Directions for this task:
Look through the lines below for the word "ultimately", and copy every line that has it.

===

definition info_set :: "'a::field set \<Rightarrow> nat \<Rightarrow> nat \<Rightarrow> (nat \<Rightarrow> 'a) set \<Rightarrow> nat set \<Rightarrow> bool" where
  "info_set F N k C I \<longleftrightarrow> I \<subseteq> {..<N} \<and> card I = k \<and> dim_over F k (restrict_code I C) = k"

definition gab_gen :: "nat \<Rightarrow> (nat \<Rightarrow> 'a::field) \<Rightarrow> nat \<Rightarrow> nat \<Rightarrow> 'a" where
  "gab_gen q g = (\<lambda>i j. g j ^ (q ^ i))"

definition gab_code :: "nat \<Rightarrow> nat \<Rightarrow> nat \<Rightarrow> (nat \<Rightarrow> 'a::field) \<Rightarrow> (nat \<Rightarrow> 'a) set" where
  "gab_code q N k g = row_span UNIV k N (gab_gen q g)"

definition mat_mult :: "nat \<Rightarrow> (nat \<Rightarrow> nat \<Rightarrow> 'a::comm_ring_1) \<Rightarrow> (nat \<Rightarrow> nat \<Rightarrow> 'a) \<Rightarrow> nat \<Rightarrow> nat \<Rightarrow> 'a" where
  "mat_mult m A B = (\<lambda>i j. \<Sum>l<m. A i l * B l j)"

end

(* Let sigma enumerate I increasingly. The map x |-> x ^ q ^ i is additive and fixes K = F_q
   pointwise (card K is a power of the characteristic, because K is an additive group all of whose
   non-zero elements have order CHAR), so for G_out over K the column sigma j of G_in * G_out is
   (g'_j ^ q ^ i)_i with g'_j = sum_l g_l * G_out l (sigma j): restricted to I, the product code is
   Gab(k_out, k_in, g').
   If sum_j c_j * g'_j = 0 with c over K, the independence of g forces the columns I of G_out to
   annihilate c, so every codeword of C_out restricted to I is orthogonal to c. For c <> 0 these
   codewords lie in a hyperplane of K ^ k_out, which by counting holds fewer than k_out independent
   vectors; this contradicts I being an information set. *)

theory Submission
  imports Defs "HOL-Library.FuncSet" "HOL-Number_Theory.Cong"
begin

lemma subfield_closed:
  assumes "is_subfield K"
  shows subfield_zero: "0 \<in> K" and subfield_one: "1 \<in> K"
    and subfield_add: "x \<in> K \<Longrightarrow> y \<in> K \<Longrightarrow> x + y \<in> K"
    and subfield_mult: "x \<in> K \<Longrightarrow> y \<in> K \<Longrightarrow> x * y \<in> K"
    and subfield_diff: "x \<in> K \<Longrightarrow> y \<in> K \<Longrightarrow> x - y \<in> K"
    and subfield_inverse: "x \<in> K \<Longrightarrow> inverse x \<in> K"
  using assms unfolding is_subfield_def by (metis diff_conv_add_uminus)+

lemma subfield_sum:
  assumes "is_subfield K" "\<And>i. i \<in> A \<Longrightarrow> f i \<in> K"
  shows "sum f A \<in> K"
  using assms(2)
  by (induction A rule: infinite_finite_induct) (auto intro: subfield_closed[OF assms(1)])

subsection \<open>Additive subgroups in prime characteristic\<close>

definition add_closed :: "'a::monoid_add set \<Rightarrow> bool" where
  "add_closed H \<longleftrightarrow> 0 \<in> H \<and> (\<forall>x\<in>H. \<forall>y\<in>H. x + y \<in> H)"

definition add_extend :: "'a::semiring_1 set \<Rightarrow> 'a \<Rightarrow> 'a set" where
  "add_extend H x = {h + of_nat n * x | h n. h \<in> H}"

lemma add_closed_of_nat_mult:
  fixes H :: "'a::semiring_1 set"
  assumes "add_closed H" "h \<in> H"
  shows "of_nat n * h \<in> H"
  using assms by (induction n) (auto simp: add_closed_def distrib_right)

lemma add_closed_uminus:
  fixes H :: "'a::ring_1 set"
  assumes "add_closed H" "CHAR('a) > 0" "h \<in> H"
  shows "- h \<in> H"
proof -
  have "of_nat (CHAR('a) - 1) + 1 = (of_nat CHAR('a) :: 'a)"
    using assms(2) by (simp add: of_nat_diff)
  then have "of_nat (CHAR('a) - 1) = (- 1 :: 'a)"
    by (simp add: eq_neg_iff_add_eq_0)
  then have "- h = of_nat (CHAR('a) - 1) * h"
    by simp
  also have "\<dots> \<in> H"
    by (rule add_closed_of_nat_mult[OF assms(1,3)])
  finally show ?thesis .
qed

lemma add_closed_cancel_of_nat_mult:
  fixes H :: "'a::ring_1 set"
  assumes "prime CHAR('a)" "add_closed H" "of_nat m * x \<in> H" "\<not> CHAR('a) dvd m"
  shows "x \<in> H"
proof -
  have "coprime m CHAR('a)"
    using prime_imp_coprime[OF assms(1,4)] by (simp add: coprime_commute)
  then obtain m' where "[m * m' = 1] (mod CHAR('a))"
    using cong_solve_coprime_nat by auto
  then have "of_nat (m' * m) = (of_nat 1 :: 'a)"
    by (simp only: of_nat_eq_iff_cong_CHAR mult.commute)
  then have "x = of_nat m' * (of_nat m * x)"
    by (simp add: mult.assoc[symmetric])
  also have "\<dots> \<in> H"
    by (rule add_closed_of_nat_mult[OF assms(2,3)])
  finally show ?thesis .
qed

lemma add_closed_add_extend:
  fixes H :: "'a::semiring_1 set"
  assumes "add_closed H"
  shows "add_closed (add_extend H x)"
  unfolding add_closed_def add_extend_def
proof safe
  show "\<exists>h n. 0 = h + of_nat n * x \<and> h \<in> H"
    using assms by (intro exI[of _ 0]) (auto simp: add_closed_def)
next
  fix h h' n n' assume "h \<in> H" "h' \<in> H"
  then show "\<exists>h'' n''. h + of_nat n * x + (h' + of_nat n' * x) = h'' + of_nat n'' * x \<and> h'' \<in> H"
    using assms by (intro exI[of _ "h + h'"] exI[of _ "n + n'"])
      (auto simp: add_closed_def algebra_simps)
qed

lemma add_extend_subset:
  fixes K :: "'a::semiring_1 set"
  assumes "add_closed K" "H \<subseteq> K" "x \<in> K"
  shows "add_extend H x \<subseteq> K"
  using assms add_closed_of_nat_mult[OF assms(1,3)]
  by (auto simp: add_extend_def add_closed_def)

lemma insert_subset_add_extend:
  fixes H :: "'a::semiring_1 set"
  assumes "add_closed H"
  shows "insert x H \<subseteq> add_extend H x"
proof -
  have "h = h + of_nat 0 * x" "x = 0 + of_nat 1 * x" for h
    by simp_all
  then show ?thesis
    using assms unfolding add_extend_def add_closed_def by blast
qed

lemma card_add_extend:
  fixes H :: "'a::ring_1 set"
  assumes p: "prime CHAR('a)" and H: "finite H" "add_closed H" and x: "x \<notin> H"
  shows "card (add_extend H x) = card H * CHAR('a)"
proof -
  let ?p = "CHAR('a)" and ?f = "\<lambda>(h, n). h + of_nat n * x"
  have p_pos: "?p > 0" using p prime_gt_0_nat by blast
  have "add_extend H x = ?f ` (H \<times> {..<?p})"
  proof (intro equalityI subsetI)
    fix y assume "y \<in> add_extend H x"
    then obtain h n where h: "h \<in> H" and y: "y = h + of_nat n * x"
      by (auto simp: add_extend_def)
    have "of_nat n = (of_nat (n mod ?p) :: 'a)"
      by (simp add: of_nat_eq_iff_cong_CHAR cong_def)
    then have "y = ?f (h, n mod ?p)"
      using y by simp
    moreover have "(h, n mod ?p) \<in> H \<times> {..<?p}"
      using h p_pos by simp
    ultimately show "y \<in> ?f ` (H \<times> {..<?p})" by (rule image_eqI)
  qed (unfold add_extend_def, fast)
  moreover have "inj_on ?f (H \<times> {..<?p})"
  proof -
    have no_collision: False
      if "h + of_nat a * x = h' + of_nat b * x" "b < a" "a < ?p" "h \<in> H" "h' \<in> H"
      for h h' a b
    proof -
      have "of_nat (a - b) * x = h' + - h"
        using that(1,2) by (simp add: add.commute add_diff_eq add_implies_diff left_diff_distrib)
      moreover have "h' + - h \<in> H"
        using add_closed_uminus[OF H(2) p_pos that(4)] that(5) H(2) unfolding add_closed_def by blast
      moreover have "\<not> ?p dvd a - b"
        using that(2,3) by (auto dest: dvd_imp_le)
      ultimately show False
        using add_closed_cancel_of_nat_mult[OF p H(2), of "a - b" x] x by argo
    qed
    show ?thesis
    proof (rule inj_onI, clarsimp)
      fix h a h' b
      assume "h \<in> H" "a < ?p" "h' \<in> H" "b < ?p" and eq: "h + of_nat a * x = h' + of_nat b * x"
      then have "a = b"
        using no_collision[of h a h' b] no_collision[of h' b h a] by (metis linorder_neqE_nat)
      then show "h = h' \<and> a = b"
        using eq by simp
    qed
  qed
  ultimately show ?thesis
    using H(1) by (simp add: card_image card_cartesian_product)
qed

===

Solution to this task:
    ultimately show "y \<in> ?f ` (H \<times> {..<?p})" by (rule image_eqI)
      ultimately show False
  ultimately show ?thesis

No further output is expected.